First, we introduce a new technique that can reconstruct a high-detailed 3D face model from any imagewithout ever 3D-scanning the person. And here’s the same output model from different views. This also works on videos, by running the same algorithm on each video frame and generating a moving 3D model. And here’s the same output model from different angles.
It turns out this problem is very challenging, but the key trick is that we are going to analyze a large photo collection of the person beforehand. For George W. Bush, we can just search on Google, and from that, we are able to build an average model, an iterative, refined model to recover the expressionin fine details, like creases and wrinkles. What’s fascinating about this is that the photo collection can come from your typical photos. It doesn’t really matter what expression you’re making or where you took those photos. What matters is that there are a lot of them. And we are still missing color here, so next, we develop a new blending technique that improves upon a single averaging method and produces sharp facial textures and colors. And this can be done for any expression.
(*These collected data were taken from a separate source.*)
(* Let $\mathcal D\subset\mathbb R^n$ be a symmetric dictionary of unit vectors and let $\|\cdot\|_{\mathcal A}$ be its atomic norm. Let $s\ge 1$ and let $S=\{x_{i_1},\dots,x_{i_s}\}\subset\mathcal D$ be $s$ atoms with pairwise coherence \[ \mu_S:=\max_{p\neq q}|\langle x_{i_p},x_{i_q}\rangle|<\frac{1}{s-1} \] (no condition if $s=1$). Let $y\in\mathrm{span}(S)$. Then for every $f\in\mathrm{span}(S)$ (in particular for every iterate $f=f_m$ of a method whose iterates lie in $\mathrm{span}(S)$), with $r=y-f$, \[ \|r\|_2\;\ge\;\frac{\sqrt{1-(s-1)\mu_S}}{\sqrt s}\,\bigl(\|y\|_{\mathcal A}-\|f\|_{\mathcal A}\bigr). \]
   Context: A dictionary $\mathcal D\subset\mathbb R^n$ is a set of unit vectors (Euclidean norm $\|\cdot\|_2$); it is symmetric if $g\in\mathcal D\Rightarrow -g\in\mathcal D$. The atomic norm of $\mathcal D$ is the Minkowski functional of $B=\mathrm{conv}(\mathcal D)$: $\|u\|_{\mathcal A}=\inf\{t>0: u\in tB\}$ (finite for $u\in\mathrm{span}(\mathcal D)$). *)

theory Defs
  imports "HOL-Analysis.Analysis"
begin

definition dictionary :: "'a::euclidean_space set \<Rightarrow> bool" where
  "dictionary D \<longleftrightarrow> (\<forall>g\<in>D. norm g = 1)"

definition symmetric_dict :: "'a::euclidean_space set \<Rightarrow> bool" where
  "symmetric_dict D \<longleftrightarrow> (\<forall>g\<in>D. - g \<in> D)"

definition atomic_norm :: "'a::euclidean_space set \<Rightarrow> 'a \<Rightarrow> real" where
  "atomic_norm D u = Inf {t. t > 0 \<and> u \<in> (\<lambda>v. t *\<^sub>R v) ` (convex hull D)}"

definition coherence :: "'a::euclidean_space set \<Rightarrow> real" where
  "coherence S = (if card S \<le> 1 then 0
     else Max {\<bar>x \<bullet> z\<bar> | x z. x \<in> S \<and> z \<in> S \<and> x \<noteq> z})"

end

theory Submission
  imports Defs
begin

text \<open>
  Write \<open>r = y - f = (\<Sum>x\<in>S. c x *\<^sub>R x)\<close>. Since \<open>D\<close> is symmetric, every \<open>\<plusminus>x\<close> with
  \<open>x \<in> S\<close> lies in \<open>convex hull D\<close>, so the atomic norm of \<open>r\<close> is at most the \<open>\<ell>\<^sub>1\<close>-norm of
  the coefficients, and by the triangle inequality for the atomic norm this bounds
  \<open>atomic_norm D y - atomic_norm D f\<close>. On the other hand, bounding the off-diagonal
  entries of the Gram matrix of \<open>S\<close> by the coherence gives
  \<open>norm r\<^sup>2 \<ge> (1 - (s - 1) * coherence S) * \<parallel>c\<parallel>\<^sub>2\<^sup>2\<close>, and Cauchy-Schwarz gives
  \<open>\<parallel>c\<parallel>\<^sub>1 \<le> sqrt s * \<parallel>c\<parallel>\<^sub>2\<close>.
\<close>

lemma zero_in_convex_hull_symmetric:
  assumes "symmetric_dict D" and "D \<noteq> {}"
  shows "0 \<in> convex hull D"
proof -
  obtain x where x: "x \<in> D" using assms(2) by blast
  then have "- x \<in> D" using assms(1) unfolding symmetric_dict_def by blast
  then have "(1/2 :: real) *\<^sub>R x + (1 - 1/2) *\<^sub>R (- x) \<in> convex hull D"
    using x by (intro convexD[OF convex_convex_hull]) (auto intro: hull_inc)
  then show ?thesis by simp
qed

lemma sum_in_scaled_convex_hull:
  fixes D S :: "'a::euclidean_space set"
  assumes sym: "symmetric_dict D" and "D \<noteq> {}" and SD: "S \<subseteq> D" and fin: "finite S"
    and t: "t > 0" and le_t: "(\<Sum>x\<in>S. \<bar>c x\<bar>) \<le> t"
  shows "(\<Sum>x\<in>S. c x *\<^sub>R x) \<in> (*\<^sub>R) t ` (convex hull D)"
proof -
  define W where "W = (\<Sum>x\<in>S. \<bar>c x\<bar>)"
  have zero: "0 \<in> convex hull D"
    using zero_in_convex_hull_symmetric[OF sym \<open>D \<noteq> {}\<close>] .
  show ?thesis
  proof (cases "W = 0")
    case True
    then have "\<forall>x\<in>S. c x = 0" using fin unfolding W_def by (simp add: sum_nonneg_eq_0_iff)
    then show ?thesis using zero by (auto intro!: image_eqI[of _ _ 0])
  next
    case False
    then have W_pos: "W > 0" unfolding W_def by (simp add: order_less_le sum_nonneg)
    define v where "v = (\<Sum>x\<in>S. (\<bar>c x\<bar> / W) *\<^sub>R (sgn (c x) *\<^sub>R x))"
    have "v \<in> convex hull D" unfolding v_def
    proof (rule convex_sum[OF fin convex_convex_hull])
      show "(\<Sum>x\<in>S. \<bar>c x\<bar> / W) = 1"
        using W_pos unfolding W_def by (simp add: sum_divide_distrib[symmetric])
      show "\<And>x. x \<in> S \<Longrightarrow> 0 \<le> \<bar>c x\<bar> / W" using W_pos by simp
      fix x assume "x \<in> S"
      then have "x \<in> D" "- x \<in> D" using SD sym unfolding symmetric_dict_def by auto
      then show "sgn (c x) *\<^sub>R x \<in> convex hull D"
        using zero by (cases "c x > 0"; cases "c x < 0") (auto intro: hull_inc simp: sgn_real_def)
    qed
    then have "(W / t) *\<^sub>R v + (1 - W / t) *\<^sub>R 0 \<in> convex hull D"
      using zero t W_pos le_t unfolding W_def[symmetric]
      by (intro convexD[OF convex_convex_hull]) auto
    moreover have "(\<Sum>x\<in>S. c x *\<^sub>R x) = t *\<^sub>R ((W / t) *\<^sub>R v + (1 - W / t) *\<^sub>R 0)"
      using t W_pos unfolding v_def by (simp add: scaleR_sum_right abs_mult_sgn)
    ultimately show ?thesis by blast
  qed
qed

lemma span_in_scaled_convex_hull:
  fixes D S :: "'a::euclidean_space set"
  assumes "symmetric_dict D" and "D \<noteq> {}" and "S \<subseteq> D" and "finite S" and "u \<in> span S"
  shows "\<exists>t>0. u \<in> (*\<^sub>R) t ` (convex hull D)"
proof -
  obtain c where u: "u = (\<Sum>x\<in>S. c x *\<^sub>R x)" using assms(4,5) span_finite by blast
  have "(\<Sum>x\<in>S. \<bar>c x\<bar>) + 1 > 0" by (simp add: sum_nonneg add_nonneg_pos)
  then show ?thesis
    using sum_in_scaled_convex_hull[OF assms(1-4)] u by fastforce
qed

lemma atomic_norm_le:
  assumes "t > 0" and "u \<in> (*\<^sub>R) t ` (convex hull D)"
  shows "atomic_norm D u \<le> t"
  unfolding atomic_norm_def using assms by (intro cInf_lower bdd_belowI[of _ 0]) auto

lemma atomic_norm_sum_le:
  fixes D S :: "'a::euclidean_space set"
  assumes "symmetric_dict D" and "D \<noteq> {}" and "S \<subseteq> D" and "finite S"
  shows "atomic_norm D (\<Sum>x\<in>S. c x *\<^sub>R x) \<le> (\<Sum>x\<in>S. \<bar>c x\<bar>)"
proof (rule field_le_epsilon)
  fix e :: real assume "e > 0"
  then have "(\<Sum>x\<in>S. \<bar>c x\<bar>) + e > 0" by (simp add: sum_nonneg add_nonneg_pos)
  then show "atomic_norm D (\<Sum>x\<in>S. c x *\<^sub>R x) \<le> (\<Sum>x\<in>S. \<bar>c x\<bar>) + e"
    using \<open>e > 0\<close> by (intro atomic_norm_le sum_in_scaled_convex_hull[OF assms]) auto
qed

text \<open>
  Without the nonemptiness hypotheses the infimum defining the atomic norm would be
  the unspecified value \<open>Inf {}\<close>.
\<close>
lemma atomic_norm_triangle:
  fixes D :: "'a::euclidean_space set"
  assumes u: "\<exists>a>0. u \<in> (*\<^sub>R) a ` (convex hull D)"
    and v: "\<exists>b>0. v \<in> (*\<^sub>R) b ` (convex hull D)"
  shows "atomic_norm D (u + v) \<le> atomic_norm D u + atomic_norm D v"
proof -
  define A where "A w = {t. t > 0 \<and> w \<in> (*\<^sub>R) t ` (convex hull D)}" for w
  have norm_A: "atomic_norm D w = Inf (A w)" for w unfolding atomic_norm_def A_def by simp
  have add: "atomic_norm D (u + v) \<le> a + b" if ab: "a \<in> A u" "b \<in> A v" for a b
  proof -
    obtain k l where a: "a > 0" "k \<in> convex hull D" "u = a *\<^sub>R k"
      and b: "b > 0" "l \<in> convex hull D" "v = b *\<^sub>R l"
      using ab unfolding A_def by blast
    have "(a / (a + b)) *\<^sub>R k + (b / (a + b)) *\<^sub>R l \<in> convex hull D"
      using a b by (intro convexD[OF convex_convex_hull]) (auto simp: add_divide_distrib[symmetric])
    moreover have "u + v = (a + b) *\<^sub>R ((a / (a + b)) *\<^sub>R k + (b / (a + b)) *\<^sub>R l)"
      using a b by (simp add: scaleR_add_right)
    ultimately show ?thesis using a b by (intro atomic_norm_le) auto
  qed
  have "A u \<noteq> {}" "A v \<noteq> {}" using u v unfolding A_def by auto
  have "atomic_norm D (u + v) - atomic_norm D v \<le> Inf (A u)"
  proof (rule cInf_greatest[OF \<open>A u \<noteq> {}\<close>])
    fix a assume "a \<in> A u"
    have "atomic_norm D (u + v) - a \<le> Inf (A v)"
      using add[OF \<open>a \<in> A u\<close>] by (intro cInf_greatest[OF \<open>A v \<noteq> {}\<close>]) (simp add: algebra_simps)
    then show "atomic_norm D (u + v) - atomic_norm D v \<le> a" by (simp add: norm_A)
  qed
  then show ?thesis by (simp add: norm_A)
qed

lemma finite_coherence_values:
  assumes "finite S"
  shows "finite {\<bar>x \<bullet> z\<bar> | x z. x \<in> S \<and> z \<in> S \<and> x \<noteq> z}"
proof (rule finite_subset)
  show "{\<bar>x \<bullet> z\<bar> | x z. x \<in> S \<and> z \<in> S \<and> x \<noteq> z} \<subseteq> (\<lambda>(x, z). \<bar>x \<bullet> z\<bar>) ` (S \<times> S)"
    by auto
qed (use assms in simp)

lemma coherence_nonneg: "coherence S \<ge> 0"
proof (cases "card S \<le> 1")
  case False
  then have "finite S" using card.infinite by force
  obtain x z where "x \<in> S" "z \<in> S" "x \<noteq> z"
    using False by (metis card_le_Suc0_iff_eq One_nat_def card.infinite zero_le)
  then have "\<bar>x \<bullet> z\<bar> \<le> coherence S"
    using False unfolding coherence_def
    by (auto intro!: Max_ge[OF finite_coherence_values[OF \<open>finite S\<close>]])
  then show ?thesis by (meson abs_ge_zero order_trans)
qed (simp add: coherence_def)

lemma abs_inner_le_coherence:
  assumes "finite S" and "x \<in> S" and "z \<in> S" and "x \<noteq> z"
  shows "\<bar>x \<bullet> z\<bar> \<le> coherence S"
proof -
  have "\<not> card S \<le> 1" using assms by (auto simp: card_le_Suc0_iff_eq)
  then show ?thesis
    using assms unfolding coherence_def by (auto intro!: Max_ge[OF finite_coherence_values])
qed

lemma norm_sum_squared_ge_coherence:
  fixes S :: "'a::euclidean_space set"
  assumes fin: "finite S" and unit: "\<And>x. x \<in> S \<Longrightarrow> norm x = 1"
  shows "(1 - (real (card S) - 1) * coherence S) * (\<Sum>x\<in>S. (c x)\<^sup>2)
    \<le> (norm (\<Sum>x\<in>S. c x *\<^sub>R x))\<^sup>2"
proof -
  define \<mu> where "\<mu> = coherence S"
  define W where "W = (\<Sum>x\<in>S. \<bar>c x\<bar>)"
  define Q where "Q = (\<Sum>x\<in>S. (c x)\<^sup>2)"
  define off where "off x = (\<Sum>z\<in>S - {x}. c x * c z * (x \<bullet> z))" for x
  have off_ge: "off x \<ge> - \<mu> * (\<bar>c x\<bar> * W - (c x)\<^sup>2)" if x: "x \<in> S" for x
  proof -
    have "- \<mu> * (\<bar>c x\<bar> * \<bar>c z\<bar>) \<le> c x * c z * (x \<bullet> z)" if z: "z \<in> S - {x}" for z
    proof -
      have "\<bar>c x * c z * (x \<bullet> z)\<bar> \<le> \<bar>c x\<bar> * \<bar>c z\<bar> * \<mu>"
        using abs_inner_le_coherence[OF fin x, of z] z unfolding \<mu>_def
        by (auto simp: abs_mult intro!: mult_left_mono)
      then show ?thesis by (simp add: abs_le_iff algebra_simps)
    qed
    then have "off x \<ge> (\<Sum>z\<in>S - {x}. - \<mu> * (\<bar>c x\<bar> * \<bar>c z\<bar>))"
      unfolding off_def by (rule sum_mono)
    also have "(\<Sum>z\<in>S - {x}. - \<mu> * (\<bar>c x\<bar> * \<bar>c z\<bar>))
        = - \<mu> * \<bar>c x\<bar> * (\<Sum>z\<in>S - {x}. \<bar>c z\<bar>)"
      by (simp add: sum_distrib_left mult.assoc)
    also have "(\<Sum>z\<in>S - {x}. \<bar>c z\<bar>) = W - \<bar>c x\<bar>"
      using fin x unfolding W_def by (simp add: sum_diff1)
    finally show ?thesis by (simp add: algebra_simps power2_eq_square)
  qed
  have "(norm (\<Sum>x\<in>S. c x *\<^sub>R x))\<^sup>2 = (\<Sum>x\<in>S. \<Sum>z\<in>S. c x * c z * (x \<bullet> z))"
    by (simp add: power2_norm_eq_inner inner_sum_left inner_sum_right sum_distrib_left
        inner_commute mult.assoc mult.left_commute)
  also have "\<dots> = (\<Sum>x\<in>S. (c x)\<^sup>2 + off x)"
    unfolding off_def using fin unit
    by (intro sum.cong refl) (simp add: sum.remove power2_eq_square norm_eq_1)
  also have "\<dots> \<ge> (\<Sum>x\<in>S. (c x)\<^sup>2 - \<mu> * (\<bar>c x\<bar> * W - (c x)\<^sup>2))"
    using off_ge by (intro sum_mono) fastforce
  also have "(\<Sum>x\<in>S. (c x)\<^sup>2 - \<mu> * (\<bar>c x\<bar> * W - (c x)\<^sup>2)) = Q - \<mu> * (W\<^sup>2 - Q)"
    unfolding Q_def W_def
    by (simp add: sum.distrib sum_subtractf sum_distrib_left sum_distrib_right power2_eq_square algebra_simps)
  also have "Q - \<mu> * (W\<^sup>2 - Q) \<ge> (1 - (real (card S) - 1) * \<mu>) * Q"
  proof -
    have "W\<^sup>2 \<le> Q * card S"
      unfolding W_def Q_def using sum_squared_le_sum_of_squares[of "\<lambda>x. \<bar>c x\<bar>" S] by simp
    then have "\<mu> * W\<^sup>2 \<le> \<mu> * (Q * card S)"
      using coherence_nonneg[of S] unfolding \<mu>_def by (rule mult_left_mono)
    then show ?thesis by (simp add: algebra_simps)
  qed
  finally show ?thesis unfolding \<mu>_def Q_def .
qed

lemma coherence_l1_le_norm_sum:
  fixes S :: "'a::euclidean_space set"
  assumes "finite S" and "\<And>x. x \<in> S \<Longrightarrow> norm x = 1"
    and nonneg: "1 - (real (card S) - 1) * coherence S \<ge> 0"
  shows "sqrt (1 - (real (card S) - 1) * coherence S) / sqrt (card S) * (\<Sum>x\<in>S. \<bar>c x\<bar>)
    \<le> norm (\<Sum>x\<in>S. c x *\<^sub>R x)"
proof -
  define \<alpha> where "\<alpha> = 1 - (real (card S) - 1) * coherence S"
  define W where "W = (\<Sum>x\<in>S. \<bar>c x\<bar>)"
  define Q where "Q = (\<Sum>x\<in>S. (c x)\<^sup>2)"
  have "W \<ge> 0" unfolding W_def by (simp add: sum_nonneg)
  then have "sqrt \<alpha> / sqrt (card S) * W = sqrt (\<alpha> * (W\<^sup>2 / card S))"
    by (simp add: real_sqrt_mult real_sqrt_divide)
  also have "\<dots> \<le> sqrt (\<alpha> * Q)"
  proof (intro real_sqrt_le_mono mult_left_mono)
    have "W\<^sup>2 \<le> Q * card S"
      unfolding W_def Q_def using sum_squared_le_sum_of_squares[of "\<lambda>x. \<bar>c x\<bar>" S] by simp
    moreover have "Q \<ge> 0" unfolding Q_def by (simp add: sum_nonneg)
    ultimately show "W\<^sup>2 / card S \<le> Q" by (cases "card S = 0") (auto simp: divide_le_eq)
  qed (use nonneg in \<open>simp add: \<alpha>_def\<close>)
  also have "\<dots> \<le> sqrt ((norm (\<Sum>x\<in>S. c x *\<^sub>R x))\<^sup>2)"
    unfolding \<alpha>_def Q_def using norm_sum_squared_ge_coherence[OF assms(1,2)] by (rule real_sqrt_le_mono)
  finally show ?thesis unfolding \<alpha>_def W_def by simp
qed

theorem mainTheorem2:
  fixes D S :: "'a::euclidean_space set" and s :: nat and y f :: 'a
  assumes "dictionary D" and "symmetric_dict D"
    and "S \<subseteq> D" and "finite S" and "card S = s" and "s \<ge> 1"
    and "s = 1 \<or> coherence S < 1 / (real s - 1)"
    and "y \<in> span S" and "f \<in> span S"
  shows "norm (y - f) \<ge>
    sqrt (1 - (real s - 1) * coherence S) / sqrt (real s) * (atomic_norm D y - atomic_norm D f)"
proof -
  define \<alpha> where "\<alpha> = 1 - (real s - 1) * coherence S"
  have "D \<noteq> {}" using assms(3-6) by auto
  note scaled_hull = span_in_scaled_convex_hull[OF assms(2) \<open>D \<noteq> {}\<close> assms(3,4)]
  have unit: "\<And>x. x \<in> S \<Longrightarrow> norm x = 1" using assms(1,3) unfolding dictionary_def by blast
  have "\<alpha> \<ge> 0"
    using assms(6,7) by (cases "s = 1") (auto simp: \<alpha>_def field_simps)
  obtain c where r: "y - f = (\<Sum>x\<in>S. c x *\<^sub>R x)"
    using span_diff[OF assms(8,9)] span_finite[OF assms(4)] by blast
  have "atomic_norm D y \<le> atomic_norm D f + atomic_norm D (y - f)"
    using atomic_norm_triangle[OF scaled_hull scaled_hull] span_diff assms(8,9) by force
  also have "atomic_norm D (y - f) \<le> (\<Sum>x\<in>S. \<bar>c x\<bar>)"
    unfolding r using atomic_norm_sum_le[OF assms(2) \<open>D \<noteq> {}\<close> assms(3,4)] .
  finally have "sqrt \<alpha> / sqrt s * (atomic_norm D y - atomic_norm D f)
      \<le> sqrt \<alpha> / sqrt s * (\<Sum>x\<in>S. \<bar>c x\<bar>)"
    using \<open>\<alpha> \<ge> 0\<close> by (intro mult_left_mono) auto
  also have "\<dots> \<le> norm (y - f)"
    unfolding r using coherence_l1_le_norm_sum[OF assms(4) unit] \<open>\<alpha> \<ge> 0\<close> assms(5)
    by (simp add: \<alpha>_def)
  finally show ?thesis unfolding \<alpha>_def .
qed

end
SS: So coming back a little bit, our ultimate goal, rather, is to capture their mannerisms or the unique way each of these people talks and smiles. So to do that, can we actually teach the computer to imitate the way someone talks by only showing it video footage of the person? And what I did exactly was, I let a computer watch 14 hours of pure Barack Obama giving addresses. And here’s what we can produce given only his audio.
SS: I think these results seem very realistic and intriguing, but at the same time frightening, even to me.Our goal was to build an accurate model of a person, not to misrepresent them. But one thing that concerns me is its potential for misuse. People have been thinking about this problem for a long time,since the days when Photoshop first hit the market. As a researcher, I’m also working on countermeasure technology, and I’m part of an ongoing effort at AI Foundation, which uses a combination of machine learning and human moderators to detect fake images and videos, fighting against my own work. And one of the tools we plan to release is called Reality Defender, which is a web-browser plug-in that can flag potentially fake content automatically, right in the browser.
There’s still a long way to go before we can fully model individual people and before we can ensure the safety of this technology. But I’m excited and hopeful, because if we use it right and carefully, this tool can allow any individual’s positive impact on the world to be massively scaled and really help shape our future the way we want it to be.